→ What you have to do: Where a line below holds the string "auto", that line goes into the answer.

━━━━━ Supplied material

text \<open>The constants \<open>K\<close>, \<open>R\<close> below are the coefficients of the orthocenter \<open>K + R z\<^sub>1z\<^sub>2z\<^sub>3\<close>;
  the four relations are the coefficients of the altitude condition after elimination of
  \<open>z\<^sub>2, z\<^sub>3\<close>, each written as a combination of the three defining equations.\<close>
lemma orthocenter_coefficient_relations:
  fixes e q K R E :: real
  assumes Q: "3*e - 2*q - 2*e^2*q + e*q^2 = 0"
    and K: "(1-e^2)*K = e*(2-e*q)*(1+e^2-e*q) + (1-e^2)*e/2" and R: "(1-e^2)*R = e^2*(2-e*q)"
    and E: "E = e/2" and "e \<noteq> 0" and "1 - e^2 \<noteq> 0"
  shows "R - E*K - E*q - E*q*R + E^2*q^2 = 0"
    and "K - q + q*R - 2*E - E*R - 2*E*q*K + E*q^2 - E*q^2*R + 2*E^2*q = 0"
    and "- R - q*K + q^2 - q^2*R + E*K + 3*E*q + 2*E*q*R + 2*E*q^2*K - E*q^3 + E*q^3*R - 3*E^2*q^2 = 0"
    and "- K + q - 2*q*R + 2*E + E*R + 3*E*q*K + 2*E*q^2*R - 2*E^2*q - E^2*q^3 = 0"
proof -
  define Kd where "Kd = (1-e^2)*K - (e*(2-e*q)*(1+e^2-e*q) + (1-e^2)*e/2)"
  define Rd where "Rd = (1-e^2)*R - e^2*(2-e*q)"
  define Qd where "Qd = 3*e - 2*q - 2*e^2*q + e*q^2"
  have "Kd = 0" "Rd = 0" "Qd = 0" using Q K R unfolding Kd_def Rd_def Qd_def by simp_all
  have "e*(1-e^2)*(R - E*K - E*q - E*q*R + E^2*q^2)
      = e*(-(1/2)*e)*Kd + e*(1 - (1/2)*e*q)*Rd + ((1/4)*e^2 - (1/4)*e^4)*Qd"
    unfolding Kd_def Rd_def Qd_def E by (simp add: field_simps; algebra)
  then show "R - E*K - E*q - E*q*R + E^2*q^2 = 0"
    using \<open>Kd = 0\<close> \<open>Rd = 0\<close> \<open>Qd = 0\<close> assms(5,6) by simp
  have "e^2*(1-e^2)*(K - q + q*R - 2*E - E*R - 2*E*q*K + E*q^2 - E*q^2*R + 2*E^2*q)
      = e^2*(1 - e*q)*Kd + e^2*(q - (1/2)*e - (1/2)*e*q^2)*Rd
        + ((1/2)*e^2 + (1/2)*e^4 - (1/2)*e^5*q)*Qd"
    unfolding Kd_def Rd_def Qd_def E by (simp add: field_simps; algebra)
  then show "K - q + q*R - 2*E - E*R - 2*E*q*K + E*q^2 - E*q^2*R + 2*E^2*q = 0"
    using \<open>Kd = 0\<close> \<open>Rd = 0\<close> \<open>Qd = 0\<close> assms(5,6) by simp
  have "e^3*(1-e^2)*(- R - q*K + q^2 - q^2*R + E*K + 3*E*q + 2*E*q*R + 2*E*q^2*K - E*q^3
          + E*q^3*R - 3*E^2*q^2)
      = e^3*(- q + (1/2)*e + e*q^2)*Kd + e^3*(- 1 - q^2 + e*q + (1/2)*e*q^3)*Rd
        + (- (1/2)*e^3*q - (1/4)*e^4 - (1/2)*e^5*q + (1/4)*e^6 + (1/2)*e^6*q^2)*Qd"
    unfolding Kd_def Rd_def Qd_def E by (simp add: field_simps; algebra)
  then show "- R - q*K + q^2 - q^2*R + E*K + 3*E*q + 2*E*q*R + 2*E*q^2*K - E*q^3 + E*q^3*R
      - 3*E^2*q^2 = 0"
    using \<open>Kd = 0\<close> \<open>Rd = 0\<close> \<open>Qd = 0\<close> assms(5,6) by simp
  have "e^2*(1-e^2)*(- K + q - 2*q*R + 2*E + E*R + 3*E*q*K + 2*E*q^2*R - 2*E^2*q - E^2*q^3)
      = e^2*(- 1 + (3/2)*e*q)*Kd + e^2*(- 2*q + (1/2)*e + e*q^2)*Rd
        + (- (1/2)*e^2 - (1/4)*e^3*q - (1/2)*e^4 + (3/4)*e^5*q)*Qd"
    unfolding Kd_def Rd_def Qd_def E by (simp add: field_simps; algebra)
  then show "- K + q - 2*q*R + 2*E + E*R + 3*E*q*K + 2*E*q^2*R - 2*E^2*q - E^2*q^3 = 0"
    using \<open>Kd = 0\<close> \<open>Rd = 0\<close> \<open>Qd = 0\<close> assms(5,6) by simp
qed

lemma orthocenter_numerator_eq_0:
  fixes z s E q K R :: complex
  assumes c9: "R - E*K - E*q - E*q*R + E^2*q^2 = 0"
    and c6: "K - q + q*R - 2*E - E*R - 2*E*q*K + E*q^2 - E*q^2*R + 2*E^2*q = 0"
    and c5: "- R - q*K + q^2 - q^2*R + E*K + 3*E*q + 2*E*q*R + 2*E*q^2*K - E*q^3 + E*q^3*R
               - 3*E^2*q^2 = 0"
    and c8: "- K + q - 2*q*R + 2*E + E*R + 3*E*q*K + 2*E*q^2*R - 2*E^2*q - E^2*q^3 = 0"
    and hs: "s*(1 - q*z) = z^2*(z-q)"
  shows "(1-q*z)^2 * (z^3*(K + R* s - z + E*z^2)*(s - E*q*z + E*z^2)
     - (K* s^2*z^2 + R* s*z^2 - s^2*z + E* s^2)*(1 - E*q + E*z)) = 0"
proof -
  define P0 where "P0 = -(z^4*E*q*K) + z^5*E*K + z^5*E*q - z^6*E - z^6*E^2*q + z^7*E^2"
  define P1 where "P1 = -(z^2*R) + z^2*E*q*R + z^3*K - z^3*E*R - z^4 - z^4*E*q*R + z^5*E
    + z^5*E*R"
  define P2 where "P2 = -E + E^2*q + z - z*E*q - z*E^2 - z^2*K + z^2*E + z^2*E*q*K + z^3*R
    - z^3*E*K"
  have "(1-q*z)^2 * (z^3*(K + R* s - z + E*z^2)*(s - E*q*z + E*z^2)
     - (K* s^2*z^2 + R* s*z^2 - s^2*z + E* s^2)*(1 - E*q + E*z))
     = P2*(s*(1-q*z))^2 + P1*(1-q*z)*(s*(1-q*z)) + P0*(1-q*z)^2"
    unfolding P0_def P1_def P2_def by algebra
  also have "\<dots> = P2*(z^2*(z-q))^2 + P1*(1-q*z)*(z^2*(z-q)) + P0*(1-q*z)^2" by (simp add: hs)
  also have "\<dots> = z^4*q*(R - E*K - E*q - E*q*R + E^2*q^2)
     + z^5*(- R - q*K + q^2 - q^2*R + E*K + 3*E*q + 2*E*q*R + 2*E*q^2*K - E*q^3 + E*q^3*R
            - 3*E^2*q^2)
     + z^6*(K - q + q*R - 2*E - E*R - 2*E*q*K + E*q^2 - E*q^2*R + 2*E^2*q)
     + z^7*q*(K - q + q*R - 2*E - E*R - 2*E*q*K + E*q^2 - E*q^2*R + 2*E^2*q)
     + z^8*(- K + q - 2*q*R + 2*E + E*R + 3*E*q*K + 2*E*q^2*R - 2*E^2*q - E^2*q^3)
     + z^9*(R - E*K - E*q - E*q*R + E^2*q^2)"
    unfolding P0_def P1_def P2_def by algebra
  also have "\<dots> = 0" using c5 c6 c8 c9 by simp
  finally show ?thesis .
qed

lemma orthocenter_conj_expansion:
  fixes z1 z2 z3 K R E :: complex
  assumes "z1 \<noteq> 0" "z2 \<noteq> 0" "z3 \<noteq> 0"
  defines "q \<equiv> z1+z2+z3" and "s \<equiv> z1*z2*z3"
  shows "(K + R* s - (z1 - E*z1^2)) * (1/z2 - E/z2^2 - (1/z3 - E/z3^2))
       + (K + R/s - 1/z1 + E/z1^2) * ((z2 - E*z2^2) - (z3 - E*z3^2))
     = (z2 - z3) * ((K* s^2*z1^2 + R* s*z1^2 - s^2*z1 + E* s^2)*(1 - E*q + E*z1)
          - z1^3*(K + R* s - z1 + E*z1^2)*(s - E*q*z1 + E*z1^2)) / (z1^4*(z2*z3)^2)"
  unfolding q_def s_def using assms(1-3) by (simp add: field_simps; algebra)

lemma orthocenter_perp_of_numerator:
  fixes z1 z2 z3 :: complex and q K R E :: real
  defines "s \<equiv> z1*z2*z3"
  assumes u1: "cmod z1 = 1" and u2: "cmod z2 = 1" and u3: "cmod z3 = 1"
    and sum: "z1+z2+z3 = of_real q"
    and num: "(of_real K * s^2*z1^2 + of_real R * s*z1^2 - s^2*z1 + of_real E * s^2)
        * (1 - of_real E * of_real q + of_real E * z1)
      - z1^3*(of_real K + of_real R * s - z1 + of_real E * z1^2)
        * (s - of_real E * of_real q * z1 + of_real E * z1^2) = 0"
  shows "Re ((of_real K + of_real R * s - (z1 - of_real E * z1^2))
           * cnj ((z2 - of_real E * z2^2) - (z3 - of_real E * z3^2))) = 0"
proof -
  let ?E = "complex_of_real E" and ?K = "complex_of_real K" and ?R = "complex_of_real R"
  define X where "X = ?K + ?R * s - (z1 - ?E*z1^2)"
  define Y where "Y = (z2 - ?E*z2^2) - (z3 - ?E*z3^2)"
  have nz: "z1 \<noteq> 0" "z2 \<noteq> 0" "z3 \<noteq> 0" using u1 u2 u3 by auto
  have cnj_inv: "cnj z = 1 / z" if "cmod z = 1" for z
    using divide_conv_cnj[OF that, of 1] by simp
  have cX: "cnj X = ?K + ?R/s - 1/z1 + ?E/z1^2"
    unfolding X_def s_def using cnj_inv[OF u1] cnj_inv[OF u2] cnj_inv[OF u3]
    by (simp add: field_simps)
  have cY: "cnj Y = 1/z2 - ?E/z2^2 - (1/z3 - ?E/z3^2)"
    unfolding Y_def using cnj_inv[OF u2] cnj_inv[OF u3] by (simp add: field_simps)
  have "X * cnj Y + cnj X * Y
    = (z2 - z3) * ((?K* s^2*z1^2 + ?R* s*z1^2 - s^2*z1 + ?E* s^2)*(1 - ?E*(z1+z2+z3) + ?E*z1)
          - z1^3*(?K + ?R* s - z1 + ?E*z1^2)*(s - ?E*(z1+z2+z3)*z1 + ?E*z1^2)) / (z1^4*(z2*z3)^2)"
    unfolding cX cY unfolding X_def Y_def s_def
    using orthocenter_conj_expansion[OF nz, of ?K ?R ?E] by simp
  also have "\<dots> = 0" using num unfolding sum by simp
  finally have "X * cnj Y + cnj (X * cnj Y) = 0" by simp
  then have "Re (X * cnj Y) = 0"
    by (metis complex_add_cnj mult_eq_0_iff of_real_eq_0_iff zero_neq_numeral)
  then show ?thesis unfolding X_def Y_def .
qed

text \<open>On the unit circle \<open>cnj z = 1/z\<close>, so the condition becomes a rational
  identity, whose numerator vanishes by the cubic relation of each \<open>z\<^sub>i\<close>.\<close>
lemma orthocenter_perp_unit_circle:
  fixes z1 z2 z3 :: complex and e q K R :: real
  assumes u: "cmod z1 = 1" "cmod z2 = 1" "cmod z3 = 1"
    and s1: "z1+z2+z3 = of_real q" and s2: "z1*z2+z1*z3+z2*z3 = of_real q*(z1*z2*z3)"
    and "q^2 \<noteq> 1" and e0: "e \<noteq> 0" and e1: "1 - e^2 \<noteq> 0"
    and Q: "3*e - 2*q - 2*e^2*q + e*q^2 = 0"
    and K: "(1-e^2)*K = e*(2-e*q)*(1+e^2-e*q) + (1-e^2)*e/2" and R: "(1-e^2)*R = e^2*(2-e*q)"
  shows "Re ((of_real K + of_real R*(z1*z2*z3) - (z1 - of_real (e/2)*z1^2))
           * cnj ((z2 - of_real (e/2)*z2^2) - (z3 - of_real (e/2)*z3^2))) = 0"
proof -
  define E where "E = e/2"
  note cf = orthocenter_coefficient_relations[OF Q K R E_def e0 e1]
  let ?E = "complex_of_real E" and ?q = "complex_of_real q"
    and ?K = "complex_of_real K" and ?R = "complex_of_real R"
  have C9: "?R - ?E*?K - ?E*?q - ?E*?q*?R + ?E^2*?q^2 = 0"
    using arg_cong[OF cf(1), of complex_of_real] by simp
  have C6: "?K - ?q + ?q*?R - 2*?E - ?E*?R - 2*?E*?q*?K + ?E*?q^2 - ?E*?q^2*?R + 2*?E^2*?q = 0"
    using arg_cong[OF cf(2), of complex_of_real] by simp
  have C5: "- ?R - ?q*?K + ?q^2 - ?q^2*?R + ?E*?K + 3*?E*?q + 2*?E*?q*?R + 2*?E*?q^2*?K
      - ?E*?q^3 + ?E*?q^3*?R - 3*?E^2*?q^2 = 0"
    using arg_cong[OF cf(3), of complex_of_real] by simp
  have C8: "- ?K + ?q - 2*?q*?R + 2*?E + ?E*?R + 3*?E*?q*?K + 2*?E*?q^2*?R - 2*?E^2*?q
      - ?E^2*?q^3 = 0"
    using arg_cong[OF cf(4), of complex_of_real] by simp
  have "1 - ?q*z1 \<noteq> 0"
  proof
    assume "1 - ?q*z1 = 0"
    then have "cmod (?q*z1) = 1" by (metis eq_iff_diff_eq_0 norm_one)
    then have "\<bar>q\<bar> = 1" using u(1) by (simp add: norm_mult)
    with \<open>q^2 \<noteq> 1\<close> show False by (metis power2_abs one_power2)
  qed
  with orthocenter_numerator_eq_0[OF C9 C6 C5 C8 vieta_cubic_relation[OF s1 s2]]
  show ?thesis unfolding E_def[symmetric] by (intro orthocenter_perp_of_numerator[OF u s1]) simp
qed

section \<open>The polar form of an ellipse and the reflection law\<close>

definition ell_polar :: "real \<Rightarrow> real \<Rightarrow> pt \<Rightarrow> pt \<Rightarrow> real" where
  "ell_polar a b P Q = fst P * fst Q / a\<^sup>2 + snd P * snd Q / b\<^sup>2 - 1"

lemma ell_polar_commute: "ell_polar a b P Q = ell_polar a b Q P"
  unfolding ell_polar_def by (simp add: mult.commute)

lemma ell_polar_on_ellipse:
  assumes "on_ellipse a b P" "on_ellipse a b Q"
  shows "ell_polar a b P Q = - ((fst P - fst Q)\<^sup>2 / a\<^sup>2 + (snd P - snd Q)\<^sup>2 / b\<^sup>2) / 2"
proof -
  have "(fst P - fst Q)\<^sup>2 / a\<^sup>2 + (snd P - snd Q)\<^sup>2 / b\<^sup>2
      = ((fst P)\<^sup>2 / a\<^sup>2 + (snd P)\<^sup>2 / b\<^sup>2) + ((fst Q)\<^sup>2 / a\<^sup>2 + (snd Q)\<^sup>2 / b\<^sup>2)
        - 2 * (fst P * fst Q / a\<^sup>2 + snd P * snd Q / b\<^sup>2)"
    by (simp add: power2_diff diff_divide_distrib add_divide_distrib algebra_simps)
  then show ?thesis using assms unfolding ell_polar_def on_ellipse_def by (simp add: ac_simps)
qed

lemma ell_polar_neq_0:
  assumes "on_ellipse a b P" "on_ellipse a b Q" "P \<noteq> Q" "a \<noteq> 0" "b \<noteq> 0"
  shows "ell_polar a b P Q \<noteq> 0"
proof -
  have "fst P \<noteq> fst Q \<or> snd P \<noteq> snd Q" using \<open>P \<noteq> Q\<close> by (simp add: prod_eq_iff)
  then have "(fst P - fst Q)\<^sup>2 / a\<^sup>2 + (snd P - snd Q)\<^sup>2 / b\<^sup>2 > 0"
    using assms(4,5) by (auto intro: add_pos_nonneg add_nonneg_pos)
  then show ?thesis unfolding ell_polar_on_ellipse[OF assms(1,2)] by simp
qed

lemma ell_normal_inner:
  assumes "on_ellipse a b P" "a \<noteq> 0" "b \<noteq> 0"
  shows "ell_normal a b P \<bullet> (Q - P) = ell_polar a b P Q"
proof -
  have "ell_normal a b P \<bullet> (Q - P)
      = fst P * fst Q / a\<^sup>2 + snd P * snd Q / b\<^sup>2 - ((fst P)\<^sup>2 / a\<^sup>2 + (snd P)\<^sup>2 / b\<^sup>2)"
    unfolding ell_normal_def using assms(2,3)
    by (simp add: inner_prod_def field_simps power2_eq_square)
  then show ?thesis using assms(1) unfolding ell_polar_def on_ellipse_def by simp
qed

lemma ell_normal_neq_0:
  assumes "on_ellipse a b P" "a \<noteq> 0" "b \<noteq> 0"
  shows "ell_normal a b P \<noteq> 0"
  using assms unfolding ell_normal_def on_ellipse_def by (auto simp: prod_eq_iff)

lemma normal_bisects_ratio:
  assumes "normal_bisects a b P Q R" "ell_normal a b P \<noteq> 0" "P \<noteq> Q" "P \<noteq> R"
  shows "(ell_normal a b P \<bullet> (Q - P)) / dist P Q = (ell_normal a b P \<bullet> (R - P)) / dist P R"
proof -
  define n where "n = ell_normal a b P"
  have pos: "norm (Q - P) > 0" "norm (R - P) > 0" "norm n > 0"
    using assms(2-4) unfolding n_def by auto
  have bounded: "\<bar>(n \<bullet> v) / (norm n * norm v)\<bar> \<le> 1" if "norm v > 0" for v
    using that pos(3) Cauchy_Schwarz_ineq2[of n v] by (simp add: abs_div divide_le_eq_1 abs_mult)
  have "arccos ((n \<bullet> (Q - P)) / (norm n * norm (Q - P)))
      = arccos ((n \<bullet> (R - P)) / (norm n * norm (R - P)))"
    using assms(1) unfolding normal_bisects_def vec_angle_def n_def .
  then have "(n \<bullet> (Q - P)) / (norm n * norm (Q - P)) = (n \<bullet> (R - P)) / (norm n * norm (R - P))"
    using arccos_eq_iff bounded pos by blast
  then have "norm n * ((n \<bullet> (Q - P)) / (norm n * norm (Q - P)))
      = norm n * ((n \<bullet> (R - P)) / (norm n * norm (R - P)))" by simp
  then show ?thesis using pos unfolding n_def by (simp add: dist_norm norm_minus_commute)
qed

━━━━━━━━━━

→ Completed exercise:
  have nz: "z1 \<noteq> 0" "z2 \<noteq> 0" "z3 \<noteq> 0" using u1 u2 u3 by auto
    using assms(4,5) by (auto intro: add_pos_nonneg add_nonneg_pos)
  using assms unfolding ell_normal_def on_ellipse_def by (auto simp: prod_eq_iff)
    using assms(2-4) unfolding n_def by auto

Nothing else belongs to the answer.